Exercise:
Filter the records below down to lines containing "definition".

Supplied information:
* * * * *
theory Submission
  imports Defs
begin

text \<open>The k-th partial derivative of a PLSEM-function depends on x only through the coordinate
  x_k, and its derivative in x_k is the second partial derivative. Put
  v_i(x) = (Id - \<Pi>_{i+1}(x)) \<partial>_{\<sigma>^{-1}(i)}F(x). If the span defining \<Pi>_{i+1} does not depend
  on x, then \<Pi>_{i+1} is a fixed linear map P, so v_i(x) = (Id - P) c(x_k) for a curve c whose
  derivative is annihilated by Id - P by hypothesis; hence v_i is constant. Since v_i differs from
  \<partial>_{\<sigma>^{-1}(i)}F(x) by an element of that span, the span defining \<Pi>_i is constant as well,
  and a downward induction on i starting from the empty span yields the claim.\<close>

lemma oproj_unique:
  fixes S :: "(real^'n::finite) set"
  assumes "w1 \<in> span S" "\<forall>u\<in>span S. inner (v - w1) u = 0"
    and "w2 \<in> span S" "\<forall>u\<in>span S. inner (v - w2) u = 0"
  shows "w1 = w2"
proof -
  have "w1 - w2 \<in> span S" using assms by (simp add: span_diff)
  then have "inner (v - w2) (w1 - w2) - inner (v - w1) (w1 - w2) = 0" using assms by simp
  then have "inner (w1 - w2) (w1 - w2) = 0" by (simp add: inner_diff_left)
  then show ?thesis by simp
qed

lemma oproj_in_span_orthogonal:
  fixes S :: "(real^'n::finite) set"
  shows "oproj S v \<in> span S \<and> (\<forall>u\<in>span S. inner (v - oproj S v) u = 0)"
proof -
  obtain y z where "y \<in> span S" "\<And>w. w \<in> span S \<Longrightarrow> orthogonal z w" "v = y + z"
    using orthogonal_subspace_decomp_exists by blast
  then have "\<exists>w. w \<in> span S \<and> (\<forall>u\<in>span S. inner (v - w) u = 0)"
    by (auto simp: orthogonal_def)
  then have "\<exists>!w. w \<in> span S \<and> (\<forall>u\<in>span S. inner (v - w) u = 0)"
    using oproj_unique[of _ S v] by blast
  then show ?thesis unfolding oproj_def by (rule theI')
qed

lemma oproj_eqI:
  fixes S :: "(real^'n::finite) set"
  assumes "w \<in> span S" "\<forall>u\<in>span S. inner (v - w) u = 0"
  shows "oproj S v = w"
  using oproj_in_span_orthogonal[of S v] oproj_unique[OF _ _ assms] by blast

lemma linear_oproj: "linear (oproj (S :: (real^'n::finite) set))"
proof (rule linearI)
  fix x y
  show "oproj S (x + y) = oproj S x + oproj S y"
    using oproj_in_span_orthogonal[of S x] oproj_in_span_orthogonal[of S y]
    by (intro oproj_eqI) (auto simp: span_add inner_diff_left inner_add_left algebra_simps)
next
  fix c x
  show "oproj S (c *\<^sub>R x) = c *\<^sub>R oproj S x"
    using oproj_in_span_orthogonal[of S x]
    by (intro oproj_eqI) (auto simp: span_scale inner_diff_left algebra_simps)
qed

lemma oproj_empty: "oproj {} = (\<lambda>v. 0 :: real^'n::finite)"
  by (rule ext, rule oproj_eqI) auto

lemma oproj_cong_span: "span S = span T \<Longrightarrow> oproj S = oproj T"
  unfolding oproj_def by (simp add: fun_eq_iff)

lemma Pi_sigma_eq_oproj:
  fixes \<sigma> :: "'n::finite \<Rightarrow> nat"
  assumes "m \<le> CARD('n) + 1"
  shows "Pi_sigma \<sigma> G m x = oproj ((\<lambda>k. pd (inv_into UNIV \<sigma> k) G x) ` {m..CARD('n)})"
proof (cases "m = CARD('n) + 1")
  case True
  then show ?thesis by (simp add: Pi_sigma_def oproj_empty)
next
  case False
  have "{pd (inv_into UNIV \<sigma> k) G x | k. m \<le> k \<and> k \<le> CARD('n)}
      = (\<lambda>k. pd (inv_into UNIV \<sigma> k) G x) ` {m..CARD('n)}"
    by auto
  with False show ?thesis by (simp add: Pi_sigma_def)
qed

lemma span_image_constant_downward:
  fixes w :: "nat \<Rightarrow> 'a \<Rightarrow> real^'n::finite"
  assumes residual_constant: "\<And>i x y. \<lbrakk>1 \<le> i; i \<le> p;
      \<And>u v. span ((\<lambda>k. w k u) ` {Suc i..p}) = span ((\<lambda>k. w k v) ` {Suc i..p})\<rbrakk> \<Longrightarrow>
      w i x - oproj ((\<lambda>k. w k x) ` {Suc i..p}) (w i x)
        = w i y - oproj ((\<lambda>k. w k y) ` {Suc i..p}) (w i y)"
    and "1 \<le> m"
  shows "span ((\<lambda>k. w k x) ` {m..p}) = span ((\<lambda>k. w k y) ` {m..p})"
proof (cases "m \<le> p")
  case False
  then show ?thesis by simp
next
  case True
  let ?S = "\<lambda>n x. (\<lambda>k. w k x) ` {n..p}"
  have "m \<le> Suc p" using True by simp
  then have "\<forall>x y. span (?S m x) = span (?S m y)"
  proof (induction rule: inc_induct)
    case base
    then show ?case by simp
  next
    case (step n)
    let ?v = "\<lambda>x. w n x - oproj (?S (Suc n) x) (w n x)"
    have span_shift: "span (?S n x) = span (insert (?v x) (?S (Suc n) x))" for x
    proof -
      have "?S n x = insert (w n x) (?S (Suc n) x)"
        using step.hyps by (simp add: Icc_eq_insert_lb_nat)
      moreover have "w n x - ?v x \<in> span (?S (Suc n) x)"
        using oproj_in_span_orthogonal by force
      ultimately show ?thesis by (simp add: eq_span_insert_eq)
    qed
    have v_constant: "?v x = ?v y" for x y
      using residual_constant step \<open>1 \<le> m\<close> by simp
    show ?case
    proof (intro allI)
      fix x y
      show "span (?S n x) = span (?S n y)"
        unfolding span_shift v_constant[of x y] span_insert
        using step.IH[rule_format, of x y] by simp
    qed
  qed
  then show ?thesis by blast
qed

lemma vec_lambda_has_vector_derivative:
  fixes c :: "real \<Rightarrow> 'n::finite \<Rightarrow> real"
  assumes "\<And>j. ((\<lambda>t. c t j) has_real_derivative c' j) (at \<tau>)"
  shows "((\<lambda>t. \<chi> j. c t j) has_vector_derivative (\<chi> j. c' j)) (at \<tau>)"
proof -
  have vec_eq_sum: "(\<chi> j. a j) = (\<Sum>j\<in>UNIV. a j *\<^sub>R axis j (1::real))" for a :: "'n \<Rightarrow> real"
    by (simp add: vec_eq_iff axis_def sum.delta if_distrib cong: if_cong)
  have "((\<lambda>t. \<Sum>j\<in>UNIV. c t j *\<^sub>R axis j (1::real)) has_vector_derivative
        (\<Sum>j\<in>UNIV. c \<tau> j *\<^sub>R 0 + c' j *\<^sub>R axis j 1)) (at \<tau>)"
    by (intro has_vector_derivative_sum has_vector_derivative_scaleR assms
        has_vector_derivative_const)
  then show ?thesis by (simp flip: vec_eq_sum)
qed

lemma linear_residual_constant:
  fixes c :: "real \<Rightarrow> 'a::euclidean_space"
  assumes "linear P"
    and "\<And>t. (c has_vector_derivative c' t) (at t)"
    and "\<And>t. P (c' t) = c' t"
  shows "c t - P (c t) = c u - P (c u)"
proof -
  have "bounded_linear P" using assms(1) linear_conv_bounded_linear by blast
  then have "((\<lambda>t. c t - P (c t)) has_vector_derivative c' t - P (c' t)) (at t)" for t
    by (rule has_vector_derivative_diff[OF assms(2)
          bounded_linear.has_vector_derivative[OF _ assms(2)]])
  then have "((\<lambda>t. c t - P (c t)) has_vector_derivative 0) (at t within UNIV)"
    if "t \<in> UNIV" for t
    by (simp add: assms(3))
  then obtain r where "\<And>t. t \<in> UNIV \<Longrightarrow> c t - P (c t) = r"
    using has_vector_derivative_zero_constant[OF convex_UNIV, of "\<lambda>t. c t - P (c t)"] by metis
  then show ?thesis by simp
qed

text \<open>Closed forms of \<partial>_kF(x) and \<partial>^2_kF(x) in terms of t = x_k, where g j i is the first
  resp. second derivative of f_{j,i}.\<close>

definition plsem_pd ::
  "('n::finite \<times> 'n) set \<Rightarrow> ('n \<Rightarrow> 'n \<Rightarrow> real \<Rightarrow> real) \<Rightarrow> ('n \<Rightarrow> real) \<Rightarrow> 'n \<Rightarrow> real \<Rightarrow> real^'n"
  where "plsem_pd D g s k t =
    (\<chi> j. ((if j = k then 1 else 0) - (if k \<in> pa D j then g j k t else 0)) / s j)"

definition plsem_pd2 ::
  "('n::finite \<times> 'n) set \<Rightarrow> ('n \<Rightarrow> 'n \<Rightarrow> real \<Rightarrow> real) \<Rightarrow> ('n \<Rightarrow> real) \<Rightarrow> 'n \<Rightarrow> real \<Rightarrow> real^'n"
  where "plsem_pd2 D g s k t = (\<chi> j. - (if k \<in> pa D j then g j k t else 0) / s j)"

lemma plsem_fun_has_partial_derivative:
  fixes D :: "('n::finite \<times> 'n) set"
  assumes "\<forall>j. \<forall>i\<in>pa D j. \<forall>t. (f j i has_real_derivative g j i t) (at t)"
  shows "((\<lambda>t. plsem_fun D mu f s (\<chi> l. if l = k then t else x $ l) $ j) has_real_derivative
    plsem_pd D g s k \<tau> $ j) (at \<tau>)"
proof -
  have "((\<lambda>t. \<Sum>i\<in>pa D j. f j i (if i = k then t else x $ i)) has_real_derivative
      (\<Sum>i\<in>pa D j. if i = k then g j i \<tau> else 0)) (at \<tau>)"
  proof (rule DERIV_sum)
    fix i assume "i \<in> pa D j"
    then show "((\<lambda>t. f j i (if i = k then t else x $ i)) has_real_derivative
        (if i = k then g j i \<tau> else 0)) (at \<tau>)"
      using assms by (cases "i = k") auto
  qed
  moreover have "((\<lambda>t. if j = k then t else x $ j) has_real_derivative
      (if j = k then 1 else 0)) (at \<tau>)"
    by (cases "j = k") (auto intro!: derivative_eq_intros)
  ultimately have "((\<lambda>t. ((if j = k then t else x $ j) - mu j
        - (\<Sum>i\<in>pa D j. f j i (if i = k then t else x $ i))) / s j)
      has_real_derivative ((if j = k then 1 else 0) - 0
        - (\<Sum>i\<in>pa D j. if i = k then g j i \<tau> else 0)) / s j) (at \<tau>)"
    by (intro DERIV_cdivide DERIV_diff DERIV_const)
  then show ?thesis
    by (simp add: plsem_fun_def plsem_pd_def sum.delta')
qed

lemma pd_plsem_fun:
  fixes D :: "('n::finite \<times> 'n) set"
  assumes "\<forall>j. \<forall>i\<in>pa D j. \<forall>t. (f j i has_real_derivative g j i t) (at t)"
  shows "pd k (plsem_fun D mu f s) x = plsem_pd D g s k (x $ k)"
  using DERIV_imp_deriv[OF plsem_fun_has_partial_derivative[OF assms]]
  by (simp add: pd_def vec_eq_iff)

lemma plsem_pd_has_real_derivative:
  fixes D :: "('n::finite \<times> 'n) set"
  assumes "\<forall>j. \<forall>i\<in>pa D j. \<forall>t. (g j i has_real_derivative h j i t) (at t)"
  shows "((\<lambda>t. plsem_pd D g s k t $ j) has_real_derivative plsem_pd2 D h s k \<tau> $ j) (at \<tau>)"
proof (cases "k \<in> pa D j")
  case True
  then have "(g j k has_real_derivative h j k \<tau>) (at \<tau>)" using assms by blast
  then have "((\<lambda>t. ((if j = k then 1 else 0) - g j k t) / s j) has_real_derivative
      (0 - h j k \<tau>) / s j) (at \<tau>)"
    by (intro DERIV_cdivide DERIV_diff DERIV_const)
  with True show ?thesis by (simp add: plsem_pd_def plsem_pd2_def)
next
  case False
  then show ?thesis by (simp add: plsem_pd_def plsem_pd2_def)
qed

lemma pd2_plsem_fun:
  fixes D :: "('n::finite \<times> 'n) set"
  assumes "\<forall>j. \<forall>i\<in>pa D j. \<forall>t. (f j i has_real_derivative g j i t) (at t)"
    and "\<forall>j. \<forall>i\<in>pa D j. \<forall>t. (g j i has_real_derivative h j i t) (at t)"
  shows "pd2 k (plsem_fun D mu f s) x = plsem_pd2 D h s k (x $ k)"
  using DERIV_imp_deriv[OF plsem_pd_has_real_derivative[OF assms(2)]]
  by (simp add: pd2_def pd_def[of k "pd k _"] vec_eq_iff pd_plsem_fun[OF assms(1)])

lemma plsem_fun_partials:
  fixes D :: "('n::finite \<times> 'n) set"
  assumes "\<forall>j. \<forall>i\<in>pa D j. C2 (f j i)"
  obtains c c' :: "real \<Rightarrow> real^'n"
  where "\<And>x. pd k (plsem_fun D mu f s) x = c (x $ k)"
    and "\<And>x. pd2 k (plsem_fun D mu f s) x = c' (x $ k)"
    and "\<And>t. (c has_vector_derivative c' t) (at t)"
proof -
  have "\<forall>j i. \<exists>g' g''. i \<in> pa D j \<longrightarrow> (\<forall>t. (f j i has_real_derivative g' t) (at t))
      \<and> (\<forall>t. (g' has_real_derivative g'' t) (at t))"
    using assms unfolding C2_def by blast
  then obtain g h where "\<forall>j i. i \<in> pa D j \<longrightarrow> (\<forall>t. (f j i has_real_derivative g j i t) (at t))
      \<and> (\<forall>t. (g j i has_real_derivative h j i t) (at t))"
    by metis
  then have g: "\<forall>j. \<forall>i\<in>pa D j. \<forall>t. (f j i has_real_derivative g j i t) (at t)"
    and h: "\<forall>j. \<forall>i\<in>pa D j. \<forall>t. (g j i has_real_derivative h j i t) (at t)"
    by blast+
  have "(plsem_pd D g s k has_vector_derivative plsem_pd2 D h s k t) (at t)" for t
    using vec_lambda_has_vector_derivative[of "\<lambda>t j. plsem_pd D g s k t $ j",
        OF plsem_pd_has_real_derivative[OF h]]
    by simp
  with pd_plsem_fun[OF g] pd2_plsem_fun[OF g h] show thesis by (rule that)
qed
* * * * *
Answer for the task:
definition plsem_pd ::
definition plsem_pd2 ::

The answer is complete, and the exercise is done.